Tutti quelli che conosco e hanno visto il film non possono fare a meno di pensare a Gaza. Dire questo non significa stabilire un’equazione o un confronto uno a uno con Auschwitz. Nessun genocidio è identico: Gaza non è una fabbrica progettata deliberatamente per l’omicidio di massa, né siamo vicini alla scala del bilancio delle morti naziste. Ma l’intera ragione per cui è stato eretto l’edificio del diritto umanitario internazionale del dopoguerra era affinché avessimo gli strumenti per identificare collettivamente i modelli prima che la storia si ripeta su larga scala. E alcuni dei modelli – il muro, il ghetto, l’uccisione di massa, l’intento eliminazionista ripetutamente dichiarato, la fame di massa, il saccheggio, la deumanizzazione gioiosa e l’umiliazione deliberata – si stanno ripetendo.

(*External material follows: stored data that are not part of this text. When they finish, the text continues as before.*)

lemma lift_to_tope:
  assumes om: "oriented_matroid E L" and "nonloop E L g"
    and T: "T \<in> L" "T g = Zero" "\<forall>e\<in>E-{g}. T e \<noteq> Zero"
  shows "T(g := Pos) \<in> topes L"
proof -
  obtain W0 where "g \<in> E" "W0 \<in> L" "W0 g \<noteq> Zero"
    using \<open>nonloop E L g\<close> unfolding nonloop_def by blast
  then obtain W where W: "W \<in> L" "W g = Pos"
    using covector_sign_choice[OF om, of W0 g Pos] by blast
  have "compv T W = T(g := Pos)"
  proof
    fix f
    show "compv T W f = (T(g := Pos)) f"
      using T W om_vanish_outside[OF om T(1)] om_vanish_outside[OF om W(1)]
      unfolding compv_def by (cases "f \<in> E") auto
  qed
  then have "T(g := Pos) \<in> L" using om_compv[OF om T(1) W(1)] by simp
  moreover have "\<forall>e\<in>E. (T(g := Pos)) e \<noteq> Zero" using T(3) by simp
  ultimately show ?thesis by (rule tope_if_full_support[OF om])
qed

lemma del_tope_in_topes_contr:
  assumes om: "oriented_matroid E L" and T: "T \<in> topes L" and "del T g \<in> L"
  shows "del T g \<in> topes (contr L g)"
  unfolding topes_def maximal_in_def
proof (intro CollectI conjI notI)
  show "del T g \<in> contr L g" using \<open>del T g \<in> L\<close> by (simp add: mem_contr_iff del_def)
  assume "\<exists>Z\<in>contr L g. sless (del T g) Z"
  then obtain Z where Z: "Z \<in> L" "Z g = Zero" "sless (del T g) Z"
    by (auto simp: mem_contr_iff)
  obtain e where "del T g e = Zero" "Z e \<noteq> Zero"
    using Z(3) by (blast elim: sless_imp_zero_nonzero)
  then have "T e = Zero" using Z(2) unfolding del_def by (cases "e = g") auto
  moreover have "T e \<noteq> Zero"
    using maximal_in_compv_nonzero[OF _ om_compv[OF om topesD[OF T] Z(1)] \<open>Z e \<noteq> Zero\<close>] T
    unfolding topes_def by simp
  ultimately show False by simp
qed

lemma mclosure_iff:
  "a \<in> mclosure E L A \<longleftrightarrow> a \<in> E \<and> (\<forall>Y\<in>L. A \<subseteq> zeroset E Y \<longrightarrow> a \<in> zeroset E Y)"
  unfolding mclosure_def flats_def by auto

lemma mindep_subset: "mindep E L A \<Longrightarrow> B \<subseteq> A \<Longrightarrow> mindep E L B"
  unfolding mindep_def mclosure_iff by blast

lemma mindep_coordinate_covector:
  assumes "mindep E L I" "e \<in> I"
  obtains W where "W \<in> L" "W e \<noteq> Zero" "\<forall>f\<in>I-{e}. W f = Zero"
proof -
  have "e \<notin> mclosure E L (I - {e})" "e \<in> E" using assms unfolding mindep_def by auto
  then obtain W where "W \<in> L" "I - {e} \<subseteq> zeroset E W" "e \<notin> zeroset E W"
    unfolding mclosure_iff by auto
  then show ?thesis using that \<open>e \<in> E\<close> unfolding zeroset_def by auto
qed

lemma mindep_extend_to_basis:
  assumes "finite E" "mindep E L A"
  obtains B where "B \<in> mbases E L" "A \<subseteq> B"
proof -
  let ?S = "{B. mindep E L B \<and> A \<subseteq> B}"
  have "finite ?S"
    by (rule finite_subset[of _ "Pow E"]) (auto simp: mindep_def assms(1))
  then obtain B where "B \<in> ?S" "\<forall>C\<in>?S. B \<subseteq> C \<longrightarrow> B = C"
    using finite_has_maximal2[of ?S A] assms(2) by auto
  then have "B \<in> mbases E L" "A \<subseteq> B" unfolding mbases_def by auto
  then show ?thesis using that by blast
qed
lemma map_swap_prefix:
  "length a = n \<Longrightarrow> length b = n \<Longrightarrow> map (swap_prefix n a b \<alpha>) [0..<n] = Transposition.transpose a b (map \<alpha> [0..<n])"
  unfolding swap_prefix_def using length_transpose[of a n b "map \<alpha> [0..<n]"]
  by (simp add: list_eq_iff_nth_eq)

lemma swap_prefix_ge: "n \<le> i \<Longrightarrow> swap_prefix n a b \<alpha> i = \<alpha> i"
  unfolding swap_prefix_def by simp

lemma swap_prefix_cong:
  assumes "\<And>i. i < n \<Longrightarrow> \<alpha> i = \<beta> i" and "i < n"
  shows "swap_prefix n a b \<alpha> i = swap_prefix n a b \<beta> i"
proof -
  have "map \<alpha> [0..<n] = map \<beta> [0..<n]" using assms(1) by simp
  then show ?thesis unfolding swap_prefix_def using assms(2) by (simp only: if_True)
qed

lemma vimage_swap_prefix_prefix_cyl:
  assumes a: "length a = n" and b: "length b = n" and c: "n \<le> length c"
  shows "swap_prefix n a b -` prefix_cyl c = prefix_cyl (Transposition.transpose a b (take n c) @ drop n c)"
    (is "_ = prefix_cyl ?c")
proof -
  have len: "length (Transposition.transpose a b (take n c)) = n" using length_transpose[OF a b] c by simp
  then have "length ?c = length c" "take n ?c = Transposition.transpose a b (take n c)"
    "\<And>i. n \<le> i \<Longrightarrow> ?c ! i = c ! i"
    using c by (simp_all add: nth_append)
  then show ?thesis
    using mem_prefix_cyl_split[OF c] mem_prefix_cyl_split[of n ?c] c
    by (auto simp: map_swap_prefix[OF a b] swap_prefix_ge transpose_eq_iff_involution)
qed
(* Let $\alpha>0$, $\Omega=[0,1]^3$, and let $\boldsymbol m=(m_1,m_2,m_3)$ be a solution of $$\partial_t\boldsymbol m=-\boldsymbol m\times\Delta\boldsymbol m+\alpha\Delta\boldsymbol m+\alpha|\nabla\boldsymbol m|^2\boldsymbol m\ \text{ in }\Omega\times(0,T],\qquad\partial_{\mathbf n}\boldsymbol m=0\ \text{ on }\partial\Omega,$$ which is smooth up to the boundary (in particular $C^3$ in space up to $\partial\Omega$ with $\partial_z\partial_t\boldsymbol m$ continuous up to the boundary) and satisfies $|\boldsymbol m|=1$. Then $\partial_z^3\boldsymbol m=0$ on the boundary face $\{z=0\}$ (and analogously $\partial_x^3\boldsymbol m=0$ on $\{x=0\},\{x=1\}$, etc.). Consequently, for $h>0$ small and any fixed $x,y$, $\boldsymbol m(x,y,-\tfrac h2,t)=\boldsymbol m(x,y,\tfrac h2,t)+\mathcal O(h^5)$, where $\boldsymbol m$ is smoothly extended beyond the boundary.
   Context: $|\nabla\boldsymbol m|^2=\sum_{i=1}^3|\nabla m_i|^2$; $\mathbf n$ is the outward unit normal. *)

theory Defs
  imports "HOL-Analysis.Analysis" "HOL-Library.Landau_Symbols"
begin

fun Ck_on :: "nat \<Rightarrow> 'a::real_normed_vector set \<Rightarrow> ('a \<Rightarrow> 'b::real_normed_vector) \<Rightarrow> bool" where
  "Ck_on 0 U f = continuous_on U f"
| "Ck_on (Suc k) U f =
     (\<exists>f'. (\<forall>x\<in>U. (f has_derivative f' x) (at x)) \<and> (\<forall>v. Ck_on k U (\<lambda>x. f' x v)))"

definition smooth_on :: "'a::real_normed_vector set \<Rightarrow> ('a \<Rightarrow> 'b::real_normed_vector) \<Rightarrow> bool" where
  "smooth_on U f \<longleftrightarrow> (\<forall>k. Ck_on k U f)"

type_synonym field4 = "real \<Rightarrow> real \<Rightarrow> real \<Rightarrow> real \<Rightarrow> real^3"

definition dX :: "field4 \<Rightarrow> field4" where
  "dX m = (\<lambda>x y z t. vector_derivative (\<lambda>s. m s y z t) (at x))"
definition dY :: "field4 \<Rightarrow> field4" where
  "dY m = (\<lambda>x y z t. vector_derivative (\<lambda>s. m x s z t) (at y))"
definition dZ :: "field4 \<Rightarrow> field4" where
  "dZ m = (\<lambda>x y z t. vector_derivative (\<lambda>s. m x y s t) (at z))"
definition dT :: "field4 \<Rightarrow> field4" where
  "dT m = (\<lambda>x y z t. vector_derivative (\<lambda>s. m x y z s) (at t))"

definition lap :: "field4 \<Rightarrow> field4" where
  "lap m = (\<lambda>x y z t. dX (dX m) x y z t + dY (dY m) x y z t + dZ (dZ m) x y z t)"

definition grad_sq :: "field4 \<Rightarrow> real \<Rightarrow> real \<Rightarrow> real \<Rightarrow> real \<Rightarrow> real" where
  "grad_sq m = (\<lambda>x y z t. (norm (dX m x y z t))\<^sup>2 + (norm (dY m x y z t))\<^sup>2 + (norm (dZ m x y z t))\<^sup>2)"

definition unit_cube :: "(real \<times> real \<times> real) set" where
  "unit_cube = {0..1} \<times> {0..1} \<times> {0..1}"

end

theory Submission
  imports Defs
begin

Così come si ripetono i modi in cui il genocidio diventa ambient, il modo in cui noi, un po’ più lontani dai muri, possiamo bloccare le immagini, ignorare i pianti e semplicemente… continuare. Ecco perché l’Academy ha fatto il punto di Glazer al posto suo quando è passata bruscamente a Barbenheimer – di per sé una banalizzazione della strage di massa – senza battere ciglio. L’atrocità sta diventando di nuovo ambient. (Si potrebbe vedere l’intero spettacolo degli Oscar come una sorta di estensione live-action de “La Zona di Interesse”, una sorta di Negazionismo su Ghiaccio.)

Cosa facciamo per interrompere il momento di banalizzazione e normalizzazione? Questa è la domanda con cui molti di noi stanno lottando in questo momento. Me lo chiedono i miei studenti. Lo chiedo ai miei amici e compagni. Molti stanno offrendo le loro risposte con proteste incessanti, disobbedienza civile, voti “non impegnati”, interruzioni di eventi, convogli di aiuti a Gaza, raccolta fondi per i rifugiati, opere d’arte radicale. Ma non è abbastanza.

E mentre il genocidio sfuma ulteriormente sullo sfondo della nostra cultura, alcune persone diventano troppo disperate per qualunque di questi sforzi. Guardando gli Oscar di domenica, dove Glazer era solo tra la parata di oratori ricchi e potenti attraverso il podio a menzionare Gaza, mi sono ricordato che erano passate esattamente due settimane da quando Aaron Bushnell, un membro 25enne dell’aeronautica militare degli Stati Uniti, si è autoimmolato fuori dall’ambasciata israeliana a Washington.

Non voglio che nessun altro adotti quella tattica di protesta orribile; c’è già stata troppa morte. Ma dovremmo dedicare del tempo a riflettere sulla dichiarazione lasciata da Bushnell, parole che ho iniziato a vedere come una coda contemporanea e inquietante al film di Glazer:

“Molti di noi amano chiedersi, ‘Cosa avrei fatto se fossi stato vivo durante la schiavitù? O il sud di Jim Crow? O l’apartheid? Cosa farei se il mio paese stesse commettendo un genocidio?’ La risposta è, lo stai facendo. Proprio ora.”